Choose and collect data from two contrasting subreddits.

Select two communities that offer an interesting comparison for your research question. Then, using the pagination techniques from yesterday’s lab, collect the top 50-100 posts (and their comments) from both subreddits. Focus on posts from the last month to keep it current. Store the data for each subreddit into four separate files (or better yet, straightaway just produce two files, one for posts and one for comments):
- [subreddit1]_posts.csv
- [subreddit1]_comments.csv
- [subreddit2]_posts.csv
- [subreddit2]_comments.csv
Self-Correction: Make sure your post and comment dataframes for each subreddit have a common post_id column!

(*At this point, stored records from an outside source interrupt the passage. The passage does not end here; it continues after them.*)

(* Consider the Stochastic Asynchronous PALM algorithm under assumptions (S1)–(S4), with $\{j_k\}$ i.i.d. uniform on $\{1,\dots,m\}$, $\sigma(j_k)$ independent of $\mathcal F_k:=\sigma(x^1,\dots,x^k)$, and $x^{k-d_k}$ $\mathcal F_k$-measurable for every $k$. For $j\in\{1,\dots,m\}$ and $k\in\mathbb N$ let $w^k_j:=\zeta_j(x^k_j-\gamma^k_j\nabla_jf(x^{k-d_k}),\gamma^k_j)$ and $w^k=(w^k_1,\dots,w^k_m)$. Then for all $k\in\mathbb N$, almost surely, $$\mathbb E\big[\Phi_s(x^{k+1},x^k,\dots,x^{k-\tau+1})\mid\mathcal F_k\big]+\frac1{2m}\sum_{j=1}^m\Big(\frac1{\gamma^k_j}-L_j(x^k_{-j})-\frac{2M\tau}{\sqrt m}\Big)\|w^k_j-x^k_j\|^2\le\Phi_s(x^k,x^{k-1},\dots,x^{k-\tau}).$$
   Context: Let $\mathcal H=\mathcal H_1\times\cdots\times\mathcal H_m$ be a product of finite-dimensional real Euclidean spaces with $\langle x,y\rangle=\sum_j\langle x_j,y_j\rangle$; $x_{-j}$ denotes $x$ with its $j$th block removed and $(x_{-j};y)$ the point with $j$th block replaced by $y$. Let $f:\mathcal H\to\mathbb R$ be $C^1$, $r_j:\mathcal H_j\to(-\infty,\infty]$ proper lower semicontinuous, $r(x)=\sum_j r_j(x_j)$, $\Psi=f+r$ bounded below. $r$ is prox-bounded: there is $\lambda_r>0$ with $\operatorname{argmin}_y\{r(y)+\frac1{2\lambda}\|x-y\|^2\}\ne\emptyset$ for all $x$ and $0<\lambda\le\lambda_r$. For each $j$ there is $L_j:\mathcal H_{-j}\to(0,\infty)$ such that $y\mapsto\nabla_jf(x_{-j};y)$ is $L_j(x_{-j})$-Lipschitz for all $x$. Everything lives on a probability space, $\mathcal H$ carrying its Borel $\sigma$-algebra. Delays: an integer $\tau\ge1$ and $d_k\in\{0,\dots,\tau\}^m$; $x^{k-d_k}:=(x_1^{k-d_{k,1}},\dots,x_m^{k-d_{k,m}})$ with $x^i_j=x^0_j$ for $i\le0$ (and $x^i=x^0$ for $i<0$). Stochastic Asynchronous PALM: choose $x^0\in\mathcal H$, $c\in(0,1)$, $M>0$. For each $k$: sample $j_k\in\{1,\dots,m\}$; set $\gamma^k_j=\min\{c(L_j(x^{k-d_k}_{-j})+2M\tau/\sqrt m)^{-1},\lambda_r\}$; set $x^{k+1}_{j_k}=\zeta_{j_k}(x^k_{j_k}-\gamma^k_{j_k}\nabla_{j_k}f(x^{k-d_k}),\gamma^k_{j_k})$ and $x^{k+1}_j=x^k_j$ for $j\ne j_k$. (S1) each $L_j$ is measurable. (S2) each $\zeta_j:\mathcal H_j\times(0,\infty)\to\mathcal H_j$ is measurable with $\zeta_j(v,\gamma)\in\operatorname{argmin}_u\{r_j(u)+\frac1{2\gamma}\|u-v\|^2\}$. (S3) there is $L>0$ with $\sup_kL_j(x^{k-d_k}_{-j})\le L$ for all $j$, a.s. (S4) $\|\nabla f(x^k)-\nabla f(x^{k-d_k})\|\le M\|x^k-x^{k-d_k}\|$ for all $k$, a.s. Stochastic Lyapunov function $\Phi_s:\mathcal H^{1+\tau}\to(-\infty,\infty]$: $\Phi_s(x(0),\dots,x(\tau))=f(x(0))+r(x(0))+\frac{M}{2\sqrt m}\sum_{h=1}^\tau(\tau-h+1)\|x(h)-x(h-1)\|^2$. *)

theory Defs
  imports "HOL-Analysis.Analysis" "HOL-Probability.Probability"
begin

text \<open>The product space H = H_1 x ... x H_m is modelled as a Euclidean space 'a whose
  orthonormal Basis is partitioned into blocks B 1, ..., B m; H_j = span (B j).\<close>

definition blk :: "(nat \<Rightarrow> 'a set) \<Rightarrow> nat \<Rightarrow> 'a::euclidean_space \<Rightarrow> 'a" where
  "blk B j x = (\<Sum>b\<in>B j. (x \<bullet> b) *\<^sub>R b)"

text \<open>(x_{-j}; y): replace the j-th block of x by y (y in H_j).  The point x_{-j} of
  H_{-j} is represented by x - blk B j x.\<close>
definition repl :: "(nat \<Rightarrow> 'a set) \<Rightarrow> nat \<Rightarrow> 'a::euclidean_space \<Rightarrow> 'a \<Rightarrow> 'a" where
  "repl B j x y = x - blk B j x + blk B j y"

definition is_block_partition :: "(nat \<Rightarrow> 'a::euclidean_space set) \<Rightarrow> nat \<Rightarrow> bool" where
  "is_block_partition B m \<longleftrightarrow>
     (\<forall>i\<in>{1..m}. B i \<subseteq> Basis) \<and>
     (\<forall>i\<in>{1..m}. \<forall>i'\<in>{1..m}. i \<noteq> i' \<longrightarrow> B i \<inter> B i' = {}) \<and>
     (\<Union>i\<in>{1..m}. B i) = Basis"

definition proper_on :: "'a set \<Rightarrow> ('a \<Rightarrow> ereal) \<Rightarrow> bool" where
  "proper_on S h \<longleftrightarrow> (\<forall>u\<in>S. h u \<noteq> -\<infinity>) \<and> (\<exists>u\<in>S. h u \<noteq> \<infinity>)"

definition lsc_on :: "'a::topological_space set \<Rightarrow> ('a \<Rightarrow> ereal) \<Rightarrow> bool" where
  "lsc_on S h \<longleftrightarrow> (\<forall>t::real. closed {u\<in>S. h u \<le> ereal t})"

definition rsum :: "(nat \<Rightarrow> 'a set) \<Rightarrow> nat \<Rightarrow> (nat \<Rightarrow> 'a \<Rightarrow> ereal) \<Rightarrow> 'a::euclidean_space \<Rightarrow> ereal" where
  "rsum B m r x = (\<Sum>j\<in>{1..m}. r j (blk B j x))"

definition Psi :: "(nat \<Rightarrow> 'a set) \<Rightarrow> nat \<Rightarrow> ('a \<Rightarrow> real) \<Rightarrow> (nat \<Rightarrow> 'a \<Rightarrow> ereal) \<Rightarrow> 'a::euclidean_space \<Rightarrow> ereal" where
  "Psi B m f r x = ereal (f x) + rsum B m r x"

definition Phi_s :: "(nat \<Rightarrow> 'a set) \<Rightarrow> nat \<Rightarrow> ('a \<Rightarrow> real) \<Rightarrow> (nat \<Rightarrow> 'a \<Rightarrow> ereal) \<Rightarrow> real \<Rightarrow> nat
      \<Rightarrow> (nat \<Rightarrow> 'a::euclidean_space) \<Rightarrow> ereal" where
  "Phi_s B m f r Mc \<tau> y = Psi B m f r (y 0)
     + ereal (Mc / (2 * sqrt (real m)) * (\<Sum>h\<in>{1..\<tau>}. real (\<tau> - h + 1) * (norm (y h - y (h - 1)))\<^sup>2))"

text \<open>Delayed iterate x^{k-d_k}: block j taken from x^{k - d_{k,j}} (nat subtraction
  realises the convention x^i = x^0 for i \<le> 0).\<close>
definition delayed :: "(nat \<Rightarrow> 'a set) \<Rightarrow> nat \<Rightarrow> (nat \<Rightarrow> 'w \<Rightarrow> 'a::euclidean_space)
      \<Rightarrow> (nat \<Rightarrow> 'w \<Rightarrow> nat \<Rightarrow> nat) \<Rightarrow> nat \<Rightarrow> 'w \<Rightarrow> 'a" where
  "delayed B m x d k \<omega> = (\<Sum>j\<in>{1..m}. blk B j (x (k - d k \<omega> j) \<omega>))"

definition gam :: "(nat \<Rightarrow> 'a set) \<Rightarrow> nat \<Rightarrow> (nat \<Rightarrow> 'a \<Rightarrow> real) \<Rightarrow> real \<Rightarrow> real \<Rightarrow> nat \<Rightarrow> real
      \<Rightarrow> (nat \<Rightarrow> 'w \<Rightarrow> 'a::euclidean_space) \<Rightarrow> (nat \<Rightarrow> 'w \<Rightarrow> nat \<Rightarrow> nat) \<Rightarrow> nat \<Rightarrow> 'w \<Rightarrow> nat \<Rightarrow> real" where
  "gam B m L c Mc \<tau> lam x d k \<omega> j =
     (let z = delayed B m x d k \<omega>
      in min (c / (L j (z - blk B j z) + 2 * Mc * real \<tau> / sqrt (real m))) lam)"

📝 Task 2: Consolidate and Merge

Load and combine your data.

Read your four CSV files into separate pandas DataFrames. Add a subreddit column to each DataFrame before you combine them, so you can tell which data came from where. Combine the two post DataFrames into a single df_all_posts. Combine the comment DataFrames into a single df_all_comments.
Merge into a final analysis frame.

Use pd.merge() to join df_all_posts and df_all_comments into one master DataFrame called df_merged.

📝 Task 3: Design and Build Your Database

Create a database connection.

Use sqlalchemy.create_engine() to create a connection to a new database file. Name it meaningfully (e.g., gaming_communities.db, financial_discourse.db).
Design and create your tables with SQL.

Write CREATE TABLE statements for a posts table and a comments table. Then think carefully about the data types. Should score be an INTEGER? Should title be VARCHAR(300) or TEXT?

Crucially, define the PRIMARY KEY for each table and the FOREIGN KEY relationship between them. Execute the SQL to create the tables.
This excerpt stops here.